WHERE TRADE MEETS MULTILATERALISM, June 2021

By Dr. Rebecca Harding, CEO at Coriolis Technologies Limited

For all the G7 bluster on reducing CO2 emissions and creating a green Belt and Road Initiative to rival China’s programme, there is little policy interest in how trade can, and should, be used as a policy lever to promote sustainabiity. Instead, the focus is on enabling developing economies to access finance and thereby tackle climate change. The “Green Marshall Plan” is at a smaller scale and will help the G7 nations to meet pre-existing support targets.

The exceptionalism this represents is breath-taking. In other words, it is not emerging economies that contribute the most to climate destruction, social inequality or poor governance per se – it is the demand that the developed world has for products associated with negative SDGs that is the problem.

Global trade in negative sustainable development goals (SDGs) is roughly four times greater than trade that is associated with positive SDGs. When economies boom, trade associated with negative SDGs grows more rapidly than its positive counterparts, and when the global economy is struggling, it falls back more quickly. Our passion for fossil fuel based consumption, clothing and plastics is the culprit – sectors related to these dominate the top ten negative trade commodities.

What really matters is the greenwash that is associated with meetings like the G7. There were, as always, promises and commitments made. The word “globalisation” has been substituted with the word “multilateralism” – an alliance-based approach to common problems – which sounds coordinated, and softer but ultimately runs the risk of lending itself to soundbite rather than action: we will build the world back better. What’s not to like?
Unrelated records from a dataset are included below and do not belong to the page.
(* Let $E$ be a finite set and $\mathcal{A}$ a set-arrangement on $E$, with local Lie algebras $L_A=\mathcal{F}(A)/\langle R_A\rangle$, $R_A\subseteq[\mathcal{F}(A),\mathcal{F}(A)]$, for $A\in\mathcal{A}$, and let $\mathcal{L}=\mathcal{F}(E)/\langle R\rangle$ with $$R=\bigcup_{A\in\mathcal{A}}R_A\ \cup\ \{[x,y]:\ x,y\in E,\ \{x,y\}\not\subseteq A \text{ for every } A\in\mathcal{A}\}.$$ Let $\mathcal{B}_1,\dots,\mathcal{B}_k$ be pairwise disjoint subsets of $\mathcal{A}$, each closed in $\mathcal{A}$, with $\bigcup_{i=1}^k\mathcal{B}_i=\mathcal{A}$. For each $i$ let $\pi_{\mathcal{B}_i}:\mathcal{L}\to L_{\mathcal{B}_i}$ be the Lie homomorphism sending the elements of $E\setminus\mathrm{supp}(\mathcal{B}_i)$ to $0$ and fixing those of $\mathrm{supp}(\mathcal{B}_i)$, and $s_{\mathcal{B}_i}:L_{\mathcal{B}_i}\to\mathcal{L}$ the Lie homomorphism induced by the inclusion $\mathrm{supp}(\mathcal{B}_i)\subseteq E$. Let $\pi'_{\mathcal{B}_i}$, $s'_{\mathcal{B}_i}$ be their restrictions to the derived algebras, and let $J$ be the kernel of the surjective Lie homomorphism $\bigoplus_{i=1}^k\pi'_{\mathcal{B}_i}:\mathcal{L}'\to\bigoplus_{i=1}^kL'_{\mathcal{B}_i}$. Then: (1) $J$ is generated as an ideal of $\mathcal{L}$ by the elements $[x,s'_{\mathcal{B}_i}(u)]$ for $i=1,\dots,k$, $u\in L'_{\mathcal{B}_i}$ and $x\in E\setminus\mathrm{supp}(\mathcal{B}_i)$; (2) $J=0$ if and only if $[x,s'_{\mathcal{B}_i}(L'_{\mathcal{B}_i})]=0$ for all $i$ and all $x\in E\setminus\mathrm{supp}(\mathcal{B}_i)$.
   Context: All Lie algebras are over a fixed field; $\mathcal{F}(X)$ is the free Lie algebra on $X$, $\langle S\rangle$ the ideal generated by $S$, and $M'=[M,M]$ the derived algebra. A set-arrangement on a finite set $E$ is a set $\mathcal{A}$ of subsets of $E$ with $|A|\ge3$ for all $A\in\mathcal{A}$ and $|A\cap B|\le1$ for distinct $A,B\in\mathcal{A}$. For $\mathcal{B}\subseteq\mathcal{A}$ put $\mathrm{supp}(\mathcal{B})=\bigcup_{B\in\mathcal{B}}B$; $\mathcal{B}$ is closed in $\mathcal{A}$ if $|A\cap\mathrm{supp}(\mathcal{B})|\le1$ for all $A\in\mathcal{A}\setminus\mathcal{B}$. For such $\mathcal{B}$, $L_{\mathcal{B}}=\mathcal{F}(\mathrm{supp}(\mathcal{B}))/\langle R_{\mathcal{B}}\rangle$ where $R_{\mathcal{B}}=\bigcup_{B\in\mathcal{B}}R_B\cup\{[x,y]:\ x,y\in\mathrm{supp}(\mathcal{B}),\ \{x,y\}\not\subseteq B\text{ for all }B\in\mathcal{B}\}$. Elements of $E$ are identified with their images in $\mathcal{L}$. *)

theory Defs
  imports Main
begin

text \<open>Free nonassociative (magma) algebra over a field on a set S of generators:
  finitely supported coefficient functions on binary trees with leaves in S.
  A Lie algebra presented as F(S)/<R> is represented as this magma algebra modulo
  the two-sided ideal generated by the Lie identities ([a,a] = 0, Jacobi) and R.\<close>

datatype 'a ltree = Leaf 'a | Br "'a ltree" "'a ltree"

primrec leaves :: "'a ltree \<Rightarrow> 'a set" where
  "leaves (Leaf x) = {x}"
| "leaves (Br s t) = leaves s \<union> leaves t"

definition mag :: "'a set \<Rightarrow> ('a ltree \<Rightarrow> 'k::zero) set" where
  "mag S = {f. finite {t. f t \<noteq> 0} \<and> (\<forall>t. f t \<noteq> 0 \<longrightarrow> leaves t \<subseteq> S)}"

definition madd :: "('a ltree \<Rightarrow> 'k::field) \<Rightarrow> ('a ltree \<Rightarrow> 'k) \<Rightarrow> ('a ltree \<Rightarrow> 'k)" where
  "madd f g = (\<lambda>t. f t + g t)"

definition msub :: "('a ltree \<Rightarrow> 'k::field) \<Rightarrow> ('a ltree \<Rightarrow> 'k) \<Rightarrow> ('a ltree \<Rightarrow> 'k)" where
  "msub f g = (\<lambda>t. f t - g t)"

definition msmult :: "'k::field \<Rightarrow> ('a ltree \<Rightarrow> 'k) \<Rightarrow> ('a ltree \<Rightarrow> 'k)" where
  "msmult c f = (\<lambda>t. c * f t)"

definition br :: "('a ltree \<Rightarrow> 'k::field) \<Rightarrow> ('a ltree \<Rightarrow> 'k) \<Rightarrow> ('a ltree \<Rightarrow> 'k)" where
  "br f g = (\<lambda>u. case u of Leaf _ \<Rightarrow> 0 | Br s t \<Rightarrow> f s * g t)"

definition gen :: "'a \<Rightarrow> ('a ltree \<Rightarrow> 'k::field)" where
  "gen x = (\<lambda>t. if t = Leaf x then 1 else 0)"

text \<open>The algebra homomorphism fixing generators in S and sending the others to 0.\<close>
definition proj :: "'a set \<Rightarrow> ('a ltree \<Rightarrow> 'k::field) \<Rightarrow> ('a ltree \<Rightarrow> 'k)" where
  "proj S f = (\<lambda>t. if leaves t \<subseteq> S then f t else 0)"

definition jacobi :: "('a ltree \<Rightarrow> 'k::field) \<Rightarrow> ('a ltree \<Rightarrow> 'k) \<Rightarrow> ('a ltree \<Rightarrow> 'k) \<Rightarrow> ('a ltree \<Rightarrow> 'k)" where
  "jacobi a b c = madd (br a (br b c)) (madd (br b (br c a)) (br c (br a b)))"

definition lie_rels :: "'a set \<Rightarrow> ('a ltree \<Rightarrow> 'k::field) set" where
  "lie_rels S = {br a a | a. a \<in> mag S}
     \<union> {jacobi a b c | a b c. a \<in> mag S \<and> b \<in> mag S \<and> c \<in> mag S}"

inductive_set ideal_gen :: "'a set \<Rightarrow> ('a ltree \<Rightarrow> 'k::field) set \<Rightarrow> ('a ltree \<Rightarrow> 'k) set"
  for S G where
  gen: "g \<in> G \<Longrightarrow> g \<in> ideal_gen S G"
| zero: "(\<lambda>_. 0) \<in> ideal_gen S G"
| add: "f \<in> ideal_gen S G \<Longrightarrow> g \<in> ideal_gen S G \<Longrightarrow> madd f g \<in> ideal_gen S G"
| smult: "f \<in> ideal_gen S G \<Longrightarrow> msmult c f \<in> ideal_gen S G"
| left: "f \<in> ideal_gen S G \<Longrightarrow> a \<in> mag S \<Longrightarrow> br a f \<in> ideal_gen S G"
| right: "f \<in> ideal_gen S G \<Longrightarrow> a \<in> mag S \<Longrightarrow> br f a \<in> ideal_gen S G"

definition pres_ideal :: "'a set \<Rightarrow> ('a ltree \<Rightarrow> 'k::field) set \<Rightarrow> ('a ltree \<Rightarrow> 'k) set" where
  "pres_ideal S R = ideal_gen S (lie_rels S \<union> R)"

inductive_set bracket_span :: "'a set \<Rightarrow> ('a ltree \<Rightarrow> 'k::field) set" for S where
  zero: "(\<lambda>_. 0) \<in> bracket_span S"
| brk: "a \<in> mag S \<Longrightarrow> b \<in> mag S \<Longrightarrow> br a b \<in> bracket_span S"
| add: "f \<in> bracket_span S \<Longrightarrow> g \<in> bracket_span S \<Longrightarrow> madd f g \<in> bracket_span S"

text \<open>Representatives of the derived algebra [M,M] of M = mag S / I.\<close>
definition derived :: "'a set \<Rightarrow> ('a ltree \<Rightarrow> 'k::field) set \<Rightarrow> ('a ltree \<Rightarrow> 'k) set" where
  "derived S I = {f \<in> mag S. \<exists>g \<in> bracket_span S. msub f g \<in> I}"

definition set_arrangement :: "'a set \<Rightarrow> 'a set set \<Rightarrow> bool" where
  "set_arrangement E \<A> \<longleftrightarrow> (\<forall>A\<in>\<A>. A \<subseteq> E \<and> card A \<ge> 3)
     \<and> (\<forall>A\<in>\<A>. \<forall>B\<in>\<A>. A \<noteq> B \<longrightarrow> card (A \<inter> B) \<le> 1)"
definition vol :: "('v::finite \<Rightarrow> 'v \<Rightarrow> real) \<Rightarrow> 'v set \<Rightarrow> real" where
  "vol w A = (\<Sum>i\<in>A. deg w i)"

definition meas :: "('v::finite \<Rightarrow> real) \<Rightarrow> 'v set \<Rightarrow> real" where
  "meas mu A = (\<Sum>i\<in>A. mu i)"

definition Qmod :: "('v::finite \<Rightarrow> 'v \<Rightarrow> real) \<Rightarrow> 'v set \<Rightarrow> real" where
  "Qmod w A = (\<Sum>i\<in>A. \<Sum>j\<in>A. w i j) - (vol w A)\<^sup>2 / vol w UNIV"

definition qmod :: "('v::finite \<Rightarrow> 'v \<Rightarrow> real) \<Rightarrow> ('v \<Rightarrow> real) \<Rightarrow> 'v set \<Rightarrow> real" where
  "qmod w mu A = 2 / meas mu UNIV * Qmod w A"

definition qG :: "('v::finite \<Rightarrow> 'v \<Rightarrow> real) \<Rightarrow> ('v \<Rightarrow> real) \<Rightarrow> real" where
  "qG w mu = Max {qmod w mu A | A. A \<subseteq> UNIV}"

definition modpair :: "('v::finite \<Rightarrow> 'v \<Rightarrow> real) \<Rightarrow> ('v \<Rightarrow> real) \<Rightarrow> real" where
  "modpair w x = 1/2 * (\<Sum>i\<in>UNIV. \<Sum>j\<in>UNIV.
       (deg w i * deg w j / vol w UNIV - w i j) * \<bar>x i - x j\<bar>)"

definition linf :: "('v::finite \<Rightarrow> real) \<Rightarrow> real" where
  "linf x = Max (range (\<lambda>i. \<bar>x i\<bar>))"

definition rstar :: "('v::finite \<Rightarrow> 'v \<Rightarrow> real) \<Rightarrow> ('v \<Rightarrow> real) \<Rightarrow> real" where
  "rstar w x = modpair w x / linf x"

text \<open>lambda_1(r*_M) = sup over x \<noteq> 0 of r*_M(x); the theorem also asserts it is attained (a max).\<close>
definition lambda1 :: "('v::finite \<Rightarrow> 'v \<Rightarrow> real) \<Rightarrow> real" where
  "lambda1 w = Sup (rstar w ` {x. x \<noteq> (\<lambda>_. 0)})"

end

theory Submission
  imports Defs
begin

text \<open>
  Write \<open>K i j = d\<^sub>i d\<^sub>j / vol(V) - w(ij)\<close>, so that the pairing is
  \<open>E(x) = 1/2 \<Sum>\<^sub>i\<^sub>j K i j |x\<^sub>i - x\<^sub>j|\<close> and the \<open>K\<close>-weight of the cut \<open>(A, V - A)\<close> is \<open>Q(A)\<close>.
  Raising the smallest value \<open>a\<close> of \<open>x\<close> to the next value \<open>b\<close> lowers \<open>E(x)\<close> by exactly
  \<open>(b - a)\<close> times the cut weight of the level set \<open>{x = a}\<close>; peeling off the values one at a
  time gives \<open>E(x) \<le> (max x - min x) max\<^sub>A Q(A) \<le> 2 \<parallel>x\<parallel>\<^sub>\<infinity> max\<^sub>A Q(A)\<close>, and the sign vector
  of a maximiser \<open>A\<close> attains the bound.
\<close>

definition cut_weight :: "('v::finite \<Rightarrow> 'v \<Rightarrow> real) \<Rightarrow> 'v set \<Rightarrow> real" where
  "cut_weight K S = (\<Sum>i\<in>S. \<Sum>j\<in>-S. K i j)"

definition energy :: "('v::finite \<Rightarrow> 'v \<Rightarrow> real) \<Rightarrow> ('v \<Rightarrow> real) \<Rightarrow> real" where
  "energy K x = 1/2 * (\<Sum>i\<in>UNIV. \<Sum>j\<in>UNIV. K i j * \<bar>x i - x j\<bar>)"

definition modularity_kernel :: "('v::finite \<Rightarrow> 'v \<Rightarrow> real) \<Rightarrow> 'v \<Rightarrow> 'v \<Rightarrow> real" where
  "modularity_kernel w i j = deg w i * deg w j / vol w UNIV - w i j"

definition sign_vector :: "'v set \<Rightarrow> 'v \<Rightarrow> real" where
  "sign_vector A i = indicator A i - indicator (- A) i"

lemma sum_UNIV_split:
  fixes g :: "'a::finite \<Rightarrow> real"
  shows "(\<Sum>i\<in>UNIV. g i) = (\<Sum>i\<in>S. g i) + (\<Sum>i\<in>-S. g i)"
  by (metis Compl_partition2 add.commute finite sum.union_disjoint disjoint_eq_subset_Compl subset_refl)

lemma sum_crossing_pairs_eq_cut:
  fixes K :: "'v::finite \<Rightarrow> 'v \<Rightarrow> real"
  assumes symK: "\<And>i j. K i j = K j i"
  shows "(\<Sum>i\<in>UNIV. \<Sum>j\<in>UNIV. K i j * (if (i \<in> S) = (j \<in> S) then 0 else 1)) = 2 * cut_weight K S"
proof -
  let ?g = "\<lambda>i j. K i j * (if (i \<in> S) = (j \<in> S) then 0 else 1)"
  have inside: "(\<Sum>i\<in>S. \<Sum>j\<in>UNIV. ?g i j) = cut_weight K S"
    unfolding cut_weight_def by (rule sum.cong[OF refl]) (subst sum_UNIV_split[of _ S], simp)
  have "(\<Sum>i\<in>-S. \<Sum>j\<in>UNIV. ?g i j) = (\<Sum>i\<in>-S. \<Sum>j\<in>S. K i j)"
    by (rule sum.cong[OF refl]) (subst sum_UNIV_split[of _ S], simp)
  also have "\<dots> = cut_weight K S"
    unfolding cut_weight_def by (subst sum.swap) (simp add: symK)
  finally show ?thesis
    using sum_UNIV_split[of "\<lambda>i. \<Sum>j\<in>UNIV. ?g i j" S] inside by simp
qed

lemma energy_sign_vector:
  fixes K :: "'v::finite \<Rightarrow> 'v \<Rightarrow> real"
  assumes "\<And>i j. K i j = K j i"
  shows "energy K (sign_vector A) = 2 * cut_weight K A"
proof -
  have "\<bar>sign_vector A i - sign_vector A j\<bar> = 2 * (if (i \<in> A) = (j \<in> A) then 0 else 1)" for i j
    by (simp add: sign_vector_def indicator_def)
  then show ?thesis
    using sum_crossing_pairs_eq_cut[OF assms, where S = A]
    by (simp add: energy_def sum_distrib_left mult.left_commute)
qed

lemma energy_raise_min:
  fixes K :: "'v::finite \<Rightarrow> 'v \<Rightarrow> real"
  assumes symK: "\<And>i j. K i j = K j i"
    and "a < b" and above: "\<And>i. x i \<noteq> a \<Longrightarrow> b \<le> x i"
  shows "energy K x = energy K (\<lambda>i. if x i = a then b else x i) + (b - a) * cut_weight K {i. x i = a}"
proof -
  define y where "y = (\<lambda>i. if x i = a then b else x i)"
  define S where "S = {i. x i = a}"
  let ?cross = "\<lambda>i j. if (i \<in> S) = (j \<in> S) then 0 else 1 :: real"
  have "\<bar>x i - x j\<bar> = \<bar>y i - y j\<bar> + (b - a) * ?cross i j" for i j
    using above[of i] above[of j] \<open>a < b\<close> unfolding y_def S_def by auto
  then have "(\<Sum>i\<in>UNIV. \<Sum>j\<in>UNIV. K i j * \<bar>x i - x j\<bar>)
      = (\<Sum>i\<in>UNIV. \<Sum>j\<in>UNIV. K i j * \<bar>y i - y j\<bar>)
        + (b - a) * (\<Sum>i\<in>UNIV. \<Sum>j\<in>UNIV. K i j * ?cross i j)"
    by (simp add: distrib_left sum.distrib sum_distrib_left mult.left_commute)
  then show ?thesis
    unfolding energy_def y_def[symmetric] S_def[symmetric] sum_crossing_pairs_eq_cut[OF symK]
    by (simp add: algebra_simps)
qed

lemma energy_le_oscillation:
  fixes K :: "'v::finite \<Rightarrow> 'v \<Rightarrow> real"
  assumes symK: "\<And>i j. K i j = K j i" and cut_le: "\<And>S. cut_weight K S \<le> M" and "0 \<le> M"
  shows "energy K x \<le> (Max (range x) - Min (range x)) * M"
proof (induction "card (range x)" arbitrary: x rule: less_induct)
  case less
  define R where "R = range x"
  define a where "a = Min R"
  have finR: "finite R" "R \<noteq> {}" and "a \<in> R" and a_le: "\<And>i. a \<le> x i"
    unfolding a_def R_def by auto
  show ?case
  proof (cases "card R \<le> 1")
    case True
    then have flat: "\<bar>x i - x j\<bar> = 0" for i j
      using card_le_Suc0_iff_eq[OF finR(1)] unfolding R_def by auto
    have "energy K x = 0"
      unfolding energy_def flat by simp
    moreover have "Min R \<le> Max R"
      using finR by simp
    ultimately show ?thesis
      using \<open>0 \<le> M\<close> by (simp add: R_def)
  next
    case False
    define R' where "R' = R - {a}"
    have finR': "finite R'" and "R' \<subseteq> R"
      using finR unfolding R'_def by auto
    have "R' \<noteq> {}"
    proof
      assume "R' = {}"
      then have "R \<subseteq> {a}"
        unfolding R'_def by blast
      then have "card R \<le> 1"
        using card_mono[of "{a}" R] by simp
      with False show False
        by simp
    qed
    define b where "b = Min R'"
    have "b \<in> R'" and b_le: "\<And>t. t \<in> R' \<Longrightarrow> b \<le> t"
      unfolding b_def using finR' \<open>R' \<noteq> {}\<close> by auto
    then have "b \<in> R" "b \<noteq> a"
      unfolding R'_def by auto
    moreover have "a \<le> b"
      unfolding a_def using finR \<open>b \<in> R\<close> by simp
    ultimately have "a < b"
      by simp
    have above: "\<And>i. x i \<noteq> a \<Longrightarrow> b \<le> x i"
      using b_le unfolding R'_def R_def by simp
    define y where "y = (\<lambda>i. if x i = a then b else x i)"
    have range_y: "range y = R'"
      using \<open>b \<in> R'\<close> unfolding y_def R'_def R_def by (auto split: if_splits)
    have "Max R \<in> R" "b \<le> Max R"
      using finR \<open>b \<in> R\<close> by auto
    then have "Max R \<in> R'"
      using \<open>a < b\<close> unfolding R'_def by auto
    then have "Max R \<le> Max R'"
      using finR' by simp
    moreover have "Max R' \<le> Max R"
      using Max_mono[OF \<open>R' \<subseteq> R\<close> \<open>R' \<noteq> {}\<close> finR(1)] .
    ultimately have "Max R' = Max R"
      by simp
    have "card R' < card R"
      unfolding R'_def using finR(1) \<open>a \<in> R\<close> by (rule card_Diff1_less)
    then have IH: "energy K y \<le> (Max R - b) * M"
      using less[of y] range_y \<open>Max R' = Max R\<close> unfolding R_def b_def by simp
    have "energy K x = energy K y + (b - a) * cut_weight K {i. x i = a}"
      unfolding y_def by (rule energy_raise_min[OF symK \<open>a < b\<close> above])
    also have "\<dots> \<le> (Max R - b) * M + (b - a) * M"
      using IH cut_le \<open>a < b\<close> by (intro add_mono mult_left_mono) auto
    finally show ?thesis
      unfolding R_def a_def by (simp add: algebra_simps)
  qed
qed
lemma coprime_if_no_prime_factor_dvd:
  fixes k :: int
  assumes "\<delta> > 0" "\<forall>p\<in>prime_factors \<delta>. \<not> int p dvd k"
  shows "coprime k (int \<delta>)"
proof (rule coprimeI)
  fix c assume c: "c dvd k" "c dvd int \<delta>"
  show "is_unit c"
  proof (rule ccontr)
    assume "\<not> is_unit c"
    then obtain q where q: "prime q" "q dvd c"
      using prime_factor_int[of c] by force
    then have "int (nat q) = q"
      by (simp add: prime_ge_0_int)
    have "q dvd k" "q dvd int \<delta>"
      using q(2) c by (auto intro: dvd_trans)
    then have "nat q dvd \<delta>"
      using \<open>int (nat q) = q\<close> by (metis int_dvd_int_iff)
    then have "nat q \<in> prime_factors \<delta>"
      using q(1) assms(1) by (simp add: in_prime_factors_iff)
    then show False
      using assms(2) \<open>q dvd k\<close> \<open>int (nat q) = q\<close> by auto
  qed
qed

lemma Gamma0_bottom_row_prime_dvd_iff:
  assumes "(C, e) \<in> Gamma0_bottom_rows \<delta>" "p \<in> prime_factors \<delta>"
  shows "int p dvd s * e \<longleftrightarrow> int p dvd s"
proof -
  have "prime (int p)" "int p dvd C"
    using assms by (auto simp: Gamma0_bottom_rows_def in_prime_factors_iff intro: dvd_trans)
  moreover have "coprime C e"
    using assms(1) by (simp add: Gamma0_bottom_rows_def)
  ultimately have "\<not> int p dvd e"
    by (metis coprime_common_divisor not_prime_unit)
  with \<open>prime (int p)\<close> show ?thesis
    by (auto simp: prime_dvd_mult_iff)
qed

lemma rank_one_in_singular_set_iff:
  assumes "\<delta> > 0" "(j, s) \<noteq> (0, 0)" "(C, e) \<in> Gamma0_bottom_rows \<delta>"
  shows "rank_one \<delta> j s C e \<in> singular_set \<delta> \<longleftrightarrow> (\<forall>p\<in>prime_factors \<delta>. \<not> int p dvd s)"
proof -
  obtain c where C: "C = int \<delta> * c"
    using assms(3) by (auto simp: Gamma0_bottom_rows_def elim: dvdE)
  have "rank_one \<delta> j s C e = mat2 (of_int (j * C)) (of_int (j * e)) (of_int (s * c)) (of_int (s * e) / of_nat \<delta>)"
    using assms(1) by (simp add: rank_one_def C)
  then have "rank_one \<delta> j s C e \<in> Mdelta \<delta>"
    unfolding Mdelta_def by blast
  moreover have "rank_one \<delta> j s C e \<noteq> 0"
    using assms(1,2,3) by (auto simp: rank_one_def mat2_eq_0_iff Gamma0_bottom_rows_def)
  moreover have "det (rank_one \<delta> j s C e) = 0"
    by (simp add: rank_one_def det_mat2)
  moreover have "\<lfloor>of_nat \<delta> * rank_one \<delta> j s C e $ 2 $ 2\<rfloor> = s * e"
    using assms(1) by (simp add: rank_one_def del: of_int_mult)
  ultimately show ?thesis
    unfolding singular_set_def using Gamma0_bottom_row_prime_dvd_iff[OF assms(3)] by auto
qed

lemma singular_set_rank_one:
  assumes "\<delta> > 0" "A \<in> singular_set \<delta>"
  obtains j s C e where "(j, s) \<noteq> (0, 0)" "(C, e) \<in> Gamma0_bottom_rows \<delta>" "A = rank_one \<delta> j s C e"
proof -
  obtain n1 l1 n2 l2 where A: "A = mat2 (of_int n1) (of_int l1) (of_int n2) (of_int l2 / of_nat \<delta>)"
    using assms(2) unfolding singular_set_def Mdelta_def by blast
  have \<delta>: "(of_nat \<delta> :: rat) \<noteq> 0"
    using assms(1) by simp
  have "det A = 0" "A \<noteq> 0" "\<forall>p\<in>prime_factors \<delta>. \<not> int p dvd \<lfloor>of_nat \<delta> * A $ 2 $ 2\<rfloor>"
    using assms(2) by (simp_all add: singular_set_def)
  moreover have "\<lfloor>of_nat \<delta> * A $ 2 $ 2\<rfloor> = l2"
    using \<delta> by (simp add: A)
  ultimately have "of_int n1 * (of_int l2 / of_nat \<delta>) - of_int l1 * (of_int n2 :: rat) = 0"
    and nz: "(n1, l1, int \<delta> * n2, l2) \<noteq> (0, 0, 0, 0)"
    and cop: "coprime l2 (int \<delta>)"
    using assms(1) coprime_if_no_prime_factor_dvd by (auto simp: A det_mat2 mat2_eq_0_iff)
  then have "rat_of_int (n1 * l2) = of_int (l1 * (int \<delta> * n2))"
    using \<delta> by (simp add: field_simps)
  then have det: "n1 * l2 = l1 * (int \<delta> * n2)"
    by (simp only: of_int_eq_iff)
  obtain j s C e where fac: "coprime C e" "(j, s) \<noteq> (0, 0)"
    "n1 = j * C" "l1 = j * e" "int \<delta> * n2 = s * C" "l2 = s * e"
    using int_rank_one_factorization[OF det nz] .
  have "of_int (s * C) / of_nat \<delta> = (of_int n2 :: rat)"
    using \<delta> by (simp flip: fac(5))
  then have "A = rank_one \<delta> j s C e"
    unfolding A rank_one_def mat2_eq_iff by (simp add: fac(3,4,6))
  moreover have "coprime s (int \<delta>)"
    using cop fac(6) by simp
  then have "int \<delta> dvd C"
    using fac(5) by (metis coprime_commute coprime_dvd_mult_right_iff dvd_triv_left)
  ultimately show thesis
    using that fac(1,2) by (simp add: Gamma0_bottom_rows_def)
qed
Yet the G7 missed a huge opportunity. Trade was a backdrop to negative conversations about Brexit rather than positive conversations about sustainability. Take the Green Belt and Road as an example – it smacks of all the weaknesses of globalisation wrapped in the cloak of multilateralism. The G7 will both fight its strategic conflict with China and help emerging economies to get greener by committing $100bn to sustainable energy infrastructures in emerging markets: bingo – the world has become sustainable and the threat of China eliminated in one re-packaged commitment.

As always, the failure was to see that strategic goals can be achieved through trade in a positive way. The last few years have made trade a tool of assertive, indeed coercive, foreign policy objectives in the US and China. As the same group of leaders head off to the Nato summit this week, and as President Biden and the EU leaders seek to mend their relationship in meetings after Nato, trade will be there as a weapon and not as a force for good. But the strategic threat to G7 hegemony is surely nothing in comparison to the threats to our security of inequality, human rights abuses and climate destruction?

Sustainable trade is a priority for humanity – banks, businesses, governments and civil society have to be involved in the way we approach this and trade is the obvious way to coordinate everyone’s objectives. The way trade is financed, through banks and supply chains, is a key way to ensure that these objectives are met. This is as much the case for China and Russia in the end as it is for the G7.

Since the beginning of time, trade has been a source of conflict; in the modern era, it has become the means to conduct that conflict. But trade is not globalisation and now the urgency is for it to  be used and the mechanism for resolving conflict by becoming sustainable in every sense of the word. The tools are there through the regulation, supply chains and finance. Only if these are combined will trade truly become multilateral.